Segment Open
(* Let $\mathcal{X}_{obs}\subset\mathbb{R}^n$ be a nonempty compact convex set. Let $x_0^{plan},\dots,x_N^{plan}\in\mathbb{R}^n$ with $x_{j}^{plan}\ne x_{j-1}^{plan}$, let $0=t_0<t_1<\dots<t_N=T$, and let $x^{plan}(t)$ be the piecewise-linear path with $x^{plan}(t_j)=x_j^{plan}$, linear on each $[t_{j-1},t_j]$; let $\mathcal{S}_j$ be the segment from $x_{j-1}^{plan}$ to $x_j^{plan}$ and assume $\mathcal{S}_j\cap\mathcal{X}_{obs}=\emptyset$ for all $j$. Let $\pmb{x}^{sys}(t)=x^{plan}(t)+R^{1/2}W(t)$, $t\in[0,T]$, where $W$ is a standard $n$-dimensional Brownian motion from the origin and $R$ is symmetric positive definite (equivalently, $d\pmb{x}^{sys}=v_j^{plan}dt+R^{1/2}dW$ on $[t_{j-1},t_j)$ with $v_j^{plan}(t_j-t_{j-1})=x_j^{plan}-x_{j-1}^{plan}$, and $\pmb{x}^{sys}(0)=x_0^{plan}$). For each $j$, let $(y_1^*,y_2^* )$ minimize $\|y_1-y_2\|$ over $y_1\in\mathcal{X}_{obs}$, $y_2\in\mathcal{S}_j$, set $d_j=\|y_1^*-y_2^*\|$, $a_j=(y_1^*-y_2^* )/d_j$, $\pmb{w}_j(t)=a_j^T(\pmb{x}^{sys}(t)-x^{plan}(t))$, $\mathcal{E}_j=\{\max_{t\in[t_{j-1},t_j]}\pmb{w}_j(t)\ge d_j\}$ and $p_j=P(\mathcal{E}_j)$. For each $j$ choose a discretization $t_{j-1}=\hat t_j^0<\dots<\hat t_j^{r_j}=t_j$, let $\mathcal{D}_j=\bigcap_{i=0}^{r_j}\{\pmb{w}_j(\hat t_j^i)<d_j\}$ and $p_{j,j+1}^{LB}=1-P(\mathcal{D}_j)-P(\mathcal{D}_{j+1})+P(\mathcal{D}_j\cap\mathcal{D}_{j+1})$. Then the continuous-time risk $\mathcal{R}=P\big(\exists t\in[0,T]:\ \pmb{x}^{sys}(t)\in\mathcal{X}_{obs}\big)$ satisfies $$\mathcal{R}\le\sum_{j=1}^N p_j\quad\text{and}\quad \mathcal{R}\le\sum_{j=1}^N p_j-\sum_{j=1}^{N-1}p_{j,j+1}^{LB}.$$
   Context: $p_j$ can be evaluated as $P(\pmb{w}_j(t_{j-1})\ge d_j)+2P(\pmb{w}_j(t_{j-1})<d_j,\ \pmb{w}_j(t_j)\ge d_j)$, and $p_{j,j+1}^{LB}$ is a lower bound for $P(\mathcal{E}_j\cap\mathcal{E}_{j+1})$; the second inequality is the paper's "second-order risk bound" and the first its "first-order risk bound". *)

theory Defs
  imports "HOL-Probability.Probability"
begin

definition std_brownian_motion :: "'a measure \<Rightarrow> (real \<Rightarrow> 'a \<Rightarrow> real^'n) \<Rightarrow> bool" where
  "std_brownian_motion M W \<longleftrightarrow>
     prob_space M \<and>
     (\<forall>s\<ge>0. W s \<in> borel_measurable M) \<and>
     (\<forall>\<omega>\<in>space M. W 0 \<omega> = 0 \<and> continuous_on {0..} (\<lambda>s. W s \<omega>)) \<and>
     (\<forall>(ts :: nat \<Rightarrow> real) (k :: nat). 0 \<le> ts 0 \<and> (\<forall>m<k. ts m < ts (Suc m)) \<longrightarrow>
        prob_space.indep_vars M (\<lambda>_. borel)
          (\<lambda>(i, m) \<omega>. W (ts (Suc m)) \<omega> $ i - W (ts m) \<omega> $ i) (UNIV \<times> {..<k}) \<and>
        (\<forall>i. \<forall>m<k. distributed M lborel (\<lambda>\<omega>. W (ts (Suc m)) \<omega> $ i - W (ts m) \<omega> $ i)
              (\<lambda>x. ennreal (normal_density 0 (sqrt (ts (Suc m) - ts m)) x))))"

definition sym_pos_def :: "real^'n^'n \<Rightarrow> bool" where
  "sym_pos_def A \<longleftrightarrow> transpose A = A \<and> (\<forall>x. x \<noteq> 0 \<longrightarrow> x \<bullet> (A *v x) > 0)"

text \<open>w_j(s) = a^T (x_sys(s) - x_plan(s)) = a^T R^(1/2) W(s)\<close>
definition wproc :: "real^'n^'n \<Rightarrow> (real \<Rightarrow> 'a \<Rightarrow> real^'n) \<Rightarrow> real^'n \<Rightarrow> real \<Rightarrow> 'a \<Rightarrow> real" where
  "wproc Rh W a s \<omega> = a \<bullet> (Rh *v W s \<omega>)"

definition exc_event :: "'a measure \<Rightarrow> real^'n^'n \<Rightarrow> (real \<Rightarrow> 'a \<Rightarrow> real^'n) \<Rightarrow> real^'n \<Rightarrow> real \<Rightarrow> real \<Rightarrow> real \<Rightarrow> 'a set" where
  "exc_event M Rh W a d lo hi = {\<omega>\<in>space M. Sup ((\<lambda>s. wproc Rh W a s \<omega>) ` {lo..hi}) \<ge> d}"

definition disc_event :: "'a measure \<Rightarrow> real^'n^'n \<Rightarrow> (real \<Rightarrow> 'a \<Rightarrow> real^'n) \<Rightarrow> real^'n \<Rightarrow> real \<Rightarrow> (nat \<Rightarrow> real) \<Rightarrow> nat \<Rightarrow> 'a set" where
  "disc_event M Rh W a d th r = {\<omega>\<in>space M. \<forall>i\<le>r. wproc Rh W a (th i) \<omega> < d}"

end

theory Submission
  imports Defs
begin

text \<open>Let \<open>y\<^sub>1 \<in> X\<^sub>o\<^sub>b\<^sub>s\<close>, \<open>y\<^sub>2 \<in> S\<^sub>j\<close> be a closest pair. By convexity of both sets, the
  hyperplane with unit normal \<open>a\<^sub>j = (y\<^sub>1 - y\<^sub>2) / d\<^sub>j\<close> separates them with margin \<open>d\<^sub>j\<close>:
  \<open>a\<^sub>j \<bullet> (z - y) \<ge> d\<^sub>j\<close> for every obstacle point \<open>z\<close> and segment point \<open>y\<close>. A collision at a
  time \<open>s \<in> [t\<^sub>j\<^sub>-\<^sub>1, t\<^sub>j]\<close>, where the plan lies on \<open>S\<^sub>j\<close>, therefore forces \<open>w\<^sub>j(s) \<ge> d\<^sub>j\<close>, so the
  collision event is covered by \<open>E\<^sub>1, \<dots>, E\<^sub>N\<close>. The first bound is the union bound. For the
  second, \<open>P(\<Union> E\<^sub>j) \<le> \<Sum> P(E\<^sub>j) - \<Sum> P(E\<^sub>j \<inter> E\<^sub>j\<^sub>+\<^sub>1)\<close> holds for any chain of events, and since the
  complement of \<open>D\<^sub>j\<close> lies inside \<open>E\<^sub>j\<close>, \<open>p\<^sup>L\<^sup>B\<^sub>j\<^sub>,\<^sub>j\<^sub>+\<^sub>1 = P(D\<^sub>j\<^sup>c \<inter> D\<^sub>j\<^sub>+\<^sub>1\<^sup>c) \<le> P(E\<^sub>j \<inter> E\<^sub>j\<^sub>+\<^sub>1)\<close>.\<close>

lemma lift_Suc_mono_le_upto:
  fixes f :: "nat \<Rightarrow> 'a::order"
  assumes "\<And>k. k < n \<Longrightarrow> f k \<le> f (Suc k)" "i \<le> j" "j \<le> n"
  shows "f i \<le> f j"
  using assms(2,3) by (induction j rule: dec_induct) (auto intro: order_trans[OF _ assms(1)])

lemma ex_partition_interval:
  fixes t :: "nat \<Rightarrow> real"
  assumes "1 \<le> N" "t 0 \<le> s" "s \<le> t N"
  shows "\<exists>j\<in>{1..N}. s \<in> {t (j - 1)..t j}"
  using assms
proof (induction N)
  case 0
  then show ?case by simp
next
  case (Suc N)
  show ?case
  proof (cases "1 \<le> N \<and> s \<le> t N")
    case True
    then show ?thesis
      using Suc by fastforce
  next
    case False
    then have "s \<in> {t N..t (Suc N)}"
      using Suc.prems by (cases N) auto
    then show ?thesis
      by (intro bexI[of _ "Suc N"]) auto
  qed
qed

lemma piecewise_linear_path_in_segment:
  fixes x :: "real \<Rightarrow> 'a::real_vector" and p :: "nat \<Rightarrow> 'a" and t :: "nat \<Rightarrow> real"
  assumes "1 \<le> N" "t 0 \<le> s" "s \<le> t N"
    and "\<forall>j\<in>{1..N}. \<forall>s\<in>{t (j - 1)..t j}.
           x s = p (j - 1) + ((s - t (j - 1)) / (t j - t (j - 1))) *\<^sub>R (p j - p (j - 1))"
  obtains j where "j \<in> {1..N}" "s \<in> {t (j - 1)..t j}" "x s \<in> closed_segment (p (j - 1)) (p j)"
proof -
  obtain j where j: "j \<in> {1..N}" "s \<in> {t (j - 1)..t j}"
    using ex_partition_interval[OF assms(1-3)] by blast
  \<comment> \<open>No ordering of \<open>t\<close> is needed: if \<open>t (j - 1) = t j\<close>, division by zero makes \<open>u = 0\<close>.\<close>
  define u where "u = (s - t (j - 1)) / (t j - t (j - 1))"
  have "0 \<le> u" "u \<le> 1"
    using j(2) by (auto simp: u_def divide_le_eq_1)
  moreover have "x s = (1 - u) *\<^sub>R p (j - 1) + u *\<^sub>R p j"
    using assms(4) j by (simp add: u_def algebra_simps)
  ultimately have "x s \<in> closed_segment (p (j - 1)) (p j)"
    by (auto simp: closed_segment_def)
  with j show thesis
    by (rule that)
qed

lemma closest_pair_separation:
  fixes X S :: "'a::real_inner set"
  assumes "convex X" "closed X" "convex S" "closed S" "X \<inter> S = {}"
    and "y1 \<in> X" "y2 \<in> S" "\<forall>z1\<in>X. \<forall>z2\<in>S. norm (y1 - y2) \<le> norm (z1 - z2)"
    and "z \<in> X" "y \<in> S"
  shows "norm (y1 - y2) \<le> ((1 / norm (y1 - y2)) *\<^sub>R (y1 - y2)) \<bullet> (z - y)"
proof -
  have "(y2 - y1) \<bullet> (z - y1) \<le> 0"
    by (rule any_closest_point_dot[of X]) (use assms in \<open>auto simp: dist_norm norm_minus_commute\<close>)
  moreover have "(y1 - y2) \<bullet> (y - y2) \<le> 0"
    by (rule any_closest_point_dot[of S]) (use assms in \<open>auto simp: dist_norm\<close>)
  ultimately have "norm (y1 - y2)^2 \<le> (y1 - y2) \<bullet> (z - y)"
    by (simp add: power2_norm_eq_inner algebra_simps)
  moreover have "0 < norm (y1 - y2)"
    using assms(5-7) by auto
  ultimately show ?thesis
    unfolding inner_scaleR_left by (simp add: pos_le_divide_eq power2_eq_square)
qed

lemma closure_Rats_interval:
  fixes lo hi :: real
  assumes "lo < hi"
  shows "closure ({lo<..<hi} \<inter> \<rat>) = {lo..hi}"
  using assms by (subst closure_open_Int_superset) (auto simp: Rats_closure_real)

lemma cSup_image_closure:
  fixes g :: "'b::topological_space \<Rightarrow> real"
  assumes "compact (closure A)" "continuous_on (closure A) g" "A \<noteq> {}"
  shows "Sup (g ` closure A) = Sup (g ` A)"
proof (rule antisym)
  have bdd: "bdd_above (g ` closure A)"
    using assms by (intro bounded_imp_bdd_above compact_imp_bounded compact_continuous_image)
  then have bddA: "bdd_above (g ` A)"
    by (rule bdd_above_mono) (auto intro: closure_subset[THEN subsetD])
  have "g ` closure A \<subseteq> {..Sup (g ` A)}"
    using assms(2) by (rule image_closure_subset) (use bddA in \<open>auto intro: cSUP_upper\<close>)
  then show "Sup (g ` closure A) \<le> Sup (g ` A)"
    using assms(3) by (intro cSUP_least) auto
  show "Sup (g ` A) \<le> Sup (g ` closure A)"
    using assms(3) bdd closure_subset by (intro cSUP_subset_mono) auto
qed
Segment Closed
> _Your assignment_:
Among the records above, only the lines between the line holding "real^'n \<Rightarrow> real \<Rightarrow> 'a" and the line holding "second, \<open>P(\<Union> E\<^sub>j)", inclusive, are to be output, exactly as written.

> _Answer section_:
definition wproc :: "real^'n^'n \<Rightarrow> (real \<Rightarrow> 'a \<Rightarrow> real^'n) \<Rightarrow> real^'n \<Rightarrow> real \<Rightarrow> 'a \<Rightarrow> real" where
  "wproc Rh W a s \<omega> = a \<bullet> (Rh *v W s \<omega>)"

definition exc_event :: "'a measure \<Rightarrow> real^'n^'n \<Rightarrow> (real \<Rightarrow> 'a \<Rightarrow> real^'n) \<Rightarrow> real^'n \<Rightarrow> real \<Rightarrow> real \<Rightarrow> real \<Rightarrow> 'a set" where
  "exc_event M Rh W a d lo hi = {\<omega>\<in>space M. Sup ((\<lambda>s. wproc Rh W a s \<omega>) ` {lo..hi}) \<ge> d}"

definition disc_event :: "'a measure \<Rightarrow> real^'n^'n \<Rightarrow> (real \<Rightarrow> 'a \<Rightarrow> real^'n) \<Rightarrow> real^'n \<Rightarrow> real \<Rightarrow> (nat \<Rightarrow> real) \<Rightarrow> nat \<Rightarrow> 'a set" where
  "disc_event M Rh W a d th r = {\<omega>\<in>space M. \<forall>i\<le>r. wproc Rh W a (th i) \<omega> < d}"

end

theory Submission
  imports Defs
begin

text \<open>Let \<open>y\<^sub>1 \<in> X\<^sub>o\<^sub>b\<^sub>s\<close>, \<open>y\<^sub>2 \<in> S\<^sub>j\<close> be a closest pair. By convexity of both sets, the
  hyperplane with unit normal \<open>a\<^sub>j = (y\<^sub>1 - y\<^sub>2) / d\<^sub>j\<close> separates them with margin \<open>d\<^sub>j\<close>:
  \<open>a\<^sub>j \<bullet> (z - y) \<ge> d\<^sub>j\<close> for every obstacle point \<open>z\<close> and segment point \<open>y\<close>. A collision at a
  time \<open>s \<in> [t\<^sub>j\<^sub>-\<^sub>1, t\<^sub>j]\<close>, where the plan lies on \<open>S\<^sub>j\<close>, therefore forces \<open>w\<^sub>j(s) \<ge> d\<^sub>j\<close>, so the
  collision event is covered by \<open>E\<^sub>1, \<dots>, E\<^sub>N\<close>. The first bound is the union bound. For the
  second, \<open>P(\<Union> E\<^sub>j) \<le> \<Sum> P(E\<^sub>j) - \<Sum> P(E\<^sub>j \<inter> E\<^sub>j\<^sub>+\<^sub>1)\<close> holds for any chain of events, and since the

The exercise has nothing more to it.